**Work instruction**: The answer must consist of every line in the data below that holds the word "finally".

Collected data entries:
= Beginning of Section =

(* Let $p$ and $q$ be positive integers with $q\ge 2$ and $\gcd(p,q)=1$, and let $\xi_j=e^{2\pi i j/q}$. Then $$\sum_{j=1}^{q-1}\frac{\xi_j}{(\xi_j-1)^2(\xi_j^p-1)}=\frac{q^2-1}{24}.$$ *)

theory Defs
  imports Complex_Main
begin

end

theory Submission
  imports Defs "HOL-Analysis.Analysis"
begin

text \<open>
  Put T(z) = z / ((z - 1)^2 (z^p - 1)). Pairing \<xi>_j with \<xi>_(q-j) = 1/\<xi>_j and using
  T(z) + T(1/z) = -z/(z - 1)^2 (coprimality makes \<xi>_j^p \<noteq> 1) shows that twice the sum
  equals -\<Sum>_j \<xi>_j/(\<xi>_j - 1)^2, which no longer involves p. For a q-th root of unity z \<noteq> 1,
  z/(z - 1)^2 = (1/2q) \<Sum>_(k<q) k(q - k) z^k; summing over j and using \<Sum>_j \<xi>_j^k = -1
  for 0 < k < q gives -(1/2q) \<Sum>_(k<q) k(q - k) = -(q^2 - 1)/12.
\<close>

lemma weighted_geometric_sum:
  fixes z :: "'a::comm_ring_1"
  shows "(z - 1) * (\<Sum>k<n. of_nat k * z ^ k) = (of_nat n - 1) * z ^ n + 1 - (\<Sum>k<n. z ^ k)"
  by (induction n) (auto simp: algebra_simps)

lemma sum_complement_weighted_powers:
  fixes z :: "'a::comm_ring_1"
  shows "(z - 1)^2 * (\<Sum>k<n. of_nat k * (of_nat n - of_nat k) * z ^ k)
           = (of_nat n - 1) * z ^ Suc n - 2 * z ^ n + (of_nat n + 1) * z + 2 - 2 * (\<Sum>k<n. z ^ k)"
proof (induction n)
  case (Suc n)
  have "(\<Sum>k<Suc n. of_nat k * (of_nat (Suc n) - of_nat k) * z ^ k)
        = (\<Sum>k<n. of_nat k * (of_nat n - of_nat k) * z ^ k) + (\<Sum>k<Suc n. of_nat k * z ^ k)"
    by (simp add: sum.distrib[symmetric] algebra_simps)
  then have "(z - 1)^2 * (\<Sum>k<Suc n. of_nat k * (of_nat (Suc n) - of_nat k) * z ^ k)
        = (z - 1)^2 * (\<Sum>k<n. of_nat k * (of_nat n - of_nat k) * z ^ k)
          + (z - 1) * ((z - 1) * (\<Sum>k<Suc n. of_nat k * z ^ k))"
    by (simp add: algebra_simps power2_eq_square)
  also have "\<dots> = (of_nat n - 1) * z ^ Suc n - 2 * z ^ n + (of_nat n + 1) * z + 2 - 2 * (\<Sum>k<n. z ^ k)
          + (z - 1) * (of_nat n * z ^ Suc n + 1 - (\<Sum>k<n. z ^ k) - z ^ n)"
    unfolding Suc weighted_geometric_sum by (simp add: algebra_simps)
  also have "\<dots> = (of_nat (Suc n) - 1) * z ^ Suc (Suc n) - 2 * z ^ Suc n
          + (of_nat (Suc n) + 1) * z + 2 - 2 * (\<Sum>k<Suc n. z ^ k)"
  proof -
    have zn: "z ^ n = (z - 1) * (\<Sum>k<n. z ^ k) + 1"
      by (metis diff_add_cancel power_diff_1_eq)
    show ?thesis
      by (simp add: zn algebra_simps)
  qed
  finally show ?case .
qed simp

lemma root_of_unity_sum_powers_eq_0:
  fixes z :: "'a::idom"
  assumes "z ^ n = 1" and "z \<noteq> 1"
  shows "(\<Sum>k<n. z ^ k) = 0"
  using power_diff_1_eq[of z n] assms by simp

lemma root_of_unity_complement_weighted_sum:
  fixes z :: "'a::field"
  assumes "z ^ n = 1" and "z \<noteq> 1"
  shows "(\<Sum>k<n. of_nat k * (of_nat n - of_nat k) * z ^ k) = 2 * of_nat n * z / (z - 1)^2"
proof -
  have "(z - 1)^2 * (\<Sum>k<n. of_nat k * (of_nat n - of_nat k) * z ^ k) = 2 * of_nat n * z"
    using sum_complement_weighted_powers[of z n] root_of_unity_sum_powers_eq_0[OF assms] assms(1)
    by (simp add: algebra_simps)
  then show ?thesis
    using assms(2) by (simp add: eq_divide_eq mult.commute)
qed

lemma sum_complement_weights:
  "6 * (\<Sum>k<n. of_nat k * (of_nat n - of_nat k)) = (of_nat n * (of_nat n ^ 2 - 1) :: 'a::comm_ring_1)"
proof (induction n)
  case (Suc n)
  have peel: "(\<Sum>k<Suc n. of_nat k * (of_nat (Suc n) - of_nat k))
        = (\<Sum>k<n. of_nat k * (of_nat n - of_nat k)) + (\<Sum>k<Suc n. of_nat k :: 'a)"
    by (simp add: sum.distrib[symmetric] algebra_simps)
  have gauss: "2 * (\<Sum>k<Suc n. of_nat k :: 'a) = of_nat n * (of_nat n + 1)"
    by (induction n) (simp_all add: algebra_simps)
  have "6 * (\<Sum>k<Suc n. of_nat k * (of_nat (Suc n) - of_nat k))
        = 6 * (\<Sum>k<n. of_nat k * (of_nat n - of_nat k)) + 3 * (2 * (\<Sum>k<Suc n. of_nat k :: 'a))"
    unfolding peel by (simp only: distrib_left mult.assoc[symmetric]) simp
  also have "\<dots> = of_nat (Suc n) * (of_nat (Suc n) ^ 2 - 1)"
    unfolding Suc gauss by (simp add: algebra_simps power2_eq_square)
  finally show ?case .
qed simp

lemma inverse_pair_sum:
  fixes z :: "'a::field"
  assumes "z \<noteq> 0" and "z \<noteq> 1" and "z ^ p \<noteq> 1"
  shows "z / ((z - 1)^2 * (z ^ p - 1)) + inverse z / ((inverse z - 1)^2 * (inverse z ^ p - 1))
           = - (z / (z - 1)^2)"
proof -
  define w where "w = z ^ p"
  have "w \<noteq> 0" "w \<noteq> 1"
    using assms by (auto simp: w_def)
  have "inverse z - 1 = (1 - z) / z" "inverse w - 1 = (1 - w) / w"
    using assms(1) \<open>w \<noteq> 0\<close> by (simp_all add: field_simps)
  then have "inverse z / ((inverse z - 1)^2 * (inverse w - 1)) = z * w / ((z - 1)^2 * (1 - w))"
    using assms \<open>w \<noteq> 0\<close> \<open>w \<noteq> 1\<close> by (simp add: power2_commute[of 1 z] field_simps power2_eq_square)
  also have "\<dots> = - (z * w / ((z - 1)^2 * (w - 1)))"
    by (metis minus_diff_eq divide_minus_right mult_minus_right)
  finally have inverse_part: "inverse z / ((inverse z - 1)^2 * (inverse w - 1))
                              = - (z * w / ((z - 1)^2 * (w - 1)))" .
  have "z / ((z - 1)^2 * (w - 1)) - z * w / ((z - 1)^2 * (w - 1))
                 = - z * (w - 1) / ((z - 1)^2 * (w - 1))"
    by (simp add: diff_divide_distrib[symmetric] algebra_simps)
  with inverse_part show ?thesis
    using \<open>w \<noteq> 1\<close> by (simp add: w_def power_inverse)
qed

lemma sum_primitive_root_powers:
  fixes \<zeta> :: "'a::idom"
  assumes order: "\<And>k. \<zeta> ^ k = 1 \<longleftrightarrow> q dvd k" and "q > 0" and "\<not> q dvd k"
  shows "(\<Sum>j=1..q-1. (\<zeta> ^ j) ^ k) = -1"
proof -
  have "(\<zeta> ^ k) ^ q = 1" and "\<zeta> ^ k \<noteq> 1"
    using order assms(3) by (simp_all flip: power_mult)
  then have "(\<Sum>j<q. (\<zeta> ^ k) ^ j) = 0"
    by (rule root_of_unity_sum_powers_eq_0)
  moreover have "{..<q} = insert 0 {1..q-1}"
    using \<open>q > 0\<close> by auto
  ultimately have "1 + (\<Sum>j=1..q-1. (\<zeta> ^ j) ^ k) = 0"
    by (simp add: mult.commute flip: power_mult)
  then show ?thesis
    by (simp add: eq_neg_iff_add_eq_0 add.commute)
qed

lemma sum_primitive_root_over_square:
  fixes \<zeta> :: "'a::field_char_0"
  assumes order: "\<And>k. \<zeta> ^ k = 1 \<longleftrightarrow> q dvd k" and "q > 0"
  shows "(\<Sum>j=1..q-1. \<zeta> ^ j / (\<zeta> ^ j - 1)^2) = - (of_nat q ^ 2 - 1) / 12"
proof -
  define c :: "nat \<Rightarrow> 'a" where "c k = of_nat k * (of_nat q - of_nat k)" for k
  have nontrivial: "\<not> q dvd j" if "j \<in> {1..q-1}" for j
    using that by (auto dest: dvd_imp_le)
  have expand: "\<zeta> ^ j / (\<zeta> ^ j - 1)^2 = (\<Sum>k<q. c k * (\<zeta> ^ j) ^ k) / (2 * of_nat q)"
    if "j \<in> {1..q-1}" for j
    using root_of_unity_complement_weighted_sum[of "\<zeta> ^ j" q] order nontrivial[OF that] \<open>q > 0\<close>
    by (simp add: c_def mult.commute flip: power_mult)
  have "(\<Sum>j=1..q-1. \<zeta> ^ j / (\<zeta> ^ j - 1)^2) = (\<Sum>j=1..q-1. \<Sum>k<q. c k * (\<zeta> ^ j) ^ k) / (2 * of_nat q)"
    by (simp add: expand sum_divide_distrib)
  also have "\<dots> = (\<Sum>k<q. c k * (\<Sum>j=1..q-1. (\<zeta> ^ j) ^ k)) / (2 * of_nat q)"
    by (simp only: sum_distrib_left sum.swap[of _ "{1..q-1}"])
  also have "(\<Sum>k<q. c k * (\<Sum>j=1..q-1. (\<zeta> ^ j) ^ k)) = - (\<Sum>k<q. c k)"
    unfolding sum_negf[symmetric]
  proof (rule sum.cong)
    fix k assume "k \<in> {..<q}"
    show "c k * (\<Sum>j=1..q-1. (\<zeta> ^ j) ^ k) = - c k"
    proof (cases "k = 0")
      case False
      with \<open>k \<in> {..<q}\<close> have "\<not> q dvd k"
        by (auto dest: dvd_imp_le)
      then show ?thesis
        using sum_primitive_root_powers[OF order \<open>q > 0\<close>] by simp
    qed (simp add: c_def)
  qed simp
  also have "(\<Sum>k<q. c k) = of_nat q * (of_nat q ^ 2 - 1) / 6"
    using sum_complement_weights[of q] by (simp add: c_def eq_divide_eq mult.commute)
  also have "- (of_nat q * (of_nat q ^ 2 - 1) / 6) / (2 * of_nat q) = - (of_nat q ^ 2 - 1) / (12 :: 'a)"
    using \<open>q > 0\<close> by (simp add: field_simps)
  finally show ?thesis .
qed

lemma sum_primitive_root_twisted:
  fixes \<zeta> :: "'a::field_char_0"
  assumes order: "\<And>k. \<zeta> ^ k = 1 \<longleftrightarrow> q dvd k" and "q > 0" and "coprime p q"
  shows "(\<Sum>j=1..q-1. \<zeta> ^ j / ((\<zeta> ^ j - 1)^2 * ((\<zeta> ^ j) ^ p - 1))) = (of_nat q ^ 2 - 1) / 24"
proof -
  define T :: "'a \<Rightarrow> 'a" where "T z = z / ((z - 1)^2 * (z ^ p - 1))" for z
  have "\<zeta> ^ q = 1"
    using order by simp
  then have "\<zeta> \<noteq> 0"
    using \<open>q > 0\<close> by (metis power_eq_0_iff zero_neq_one)
  have pair: "T (\<zeta> ^ j) + T (\<zeta> ^ (q - j)) = - (\<zeta> ^ j / (\<zeta> ^ j - 1)^2)" if "j \<in> {1..q-1}" for j
  proof -
    have "\<not> q dvd j"
      using that by (auto dest: dvd_imp_le)
    then have "\<not> q dvd j * p"
      using \<open>coprime p q\<close> by (metis coprime_commute coprime_dvd_mult_left_iff)
    then have "(\<zeta> ^ j) ^ p \<noteq> 1"
      using order by (simp flip: power_mult)
    have "j + (q - j) = q"
      using that by auto
    then have "\<zeta> ^ (q - j) = inverse (\<zeta> ^ j)"
      using \<open>\<zeta> ^ q = 1\<close> by (metis power_add inverse_unique)
    then show ?thesis
      using inverse_pair_sum[of "\<zeta> ^ j" p] order \<open>\<not> q dvd j\<close> \<open>(\<zeta> ^ j) ^ p \<noteq> 1\<close> \<open>\<zeta> \<noteq> 0\<close>
      by (simp add: T_def)
  qed
  have "2 * (\<Sum>j=1..q-1. T (\<zeta> ^ j)) = (\<Sum>j=1..q-1. T (\<zeta> ^ j)) + (\<Sum>j=1..q-1. T (\<zeta> ^ (q - j)))"
    using sum.atLeastAtMost_rev[of "\<lambda>j. T (\<zeta> ^ j)" 1 "q - 1"] \<open>q > 0\<close> by simp
  also have "\<dots> = - (\<Sum>j=1..q-1. \<zeta> ^ j / (\<zeta> ^ j - 1)^2)"
    by (simp add: sum.distrib[symmetric] sum_negf[symmetric] pair)
  also have "\<dots> = (of_nat q ^ 2 - 1) / 12"
    using sum_primitive_root_over_square[OF order \<open>q > 0\<close>] by simp
  finally show ?thesis
    by (simp add: T_def field_simps ac_simps)
qed

theorem mainTheorem8:
  fixes p q :: nat
  assumes "p > 0" and "q \<ge> 2" and "coprime p q"
  shows "(\<Sum>j=1..q-1. let \<xi> = exp (2 * pi * \<i> * of_nat j / of_nat q) in
            \<xi> / ((\<xi> - 1)^2 * (\<xi>^p - 1))) = (of_nat q ^ 2 - 1) / 24"
proof -
  define \<zeta> where "\<zeta> = exp (2 * of_real pi * \<i> / of_nat q)"
  have powers: "exp (2 * of_real pi * \<i> * of_nat j / of_nat q) = \<zeta> ^ j" for j
    unfolding \<zeta>_def by (simp add: exp_of_nat_mult[symmetric] mult.commute)
  have order: "\<zeta> ^ k = 1 \<longleftrightarrow> q dvd k" for k
    using complex_root_unity_eq_1[of q k, unfolded powers] \<open>q \<ge> 2\<close> by simp
  show ?thesis
    using sum_primitive_root_twisted[OF order _ \<open>coprime p q\<close>] \<open>q \<ge> 2\<close>
    by (simp add: powers Let_def)
qed

end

= End of Section =

**Task solution**:
  finally show ?case .
  finally show ?case .
  finally have inverse_part: "inverse z / ((inverse z - 1)^2 * (inverse w - 1))
  finally show ?thesis .
  finally show ?thesis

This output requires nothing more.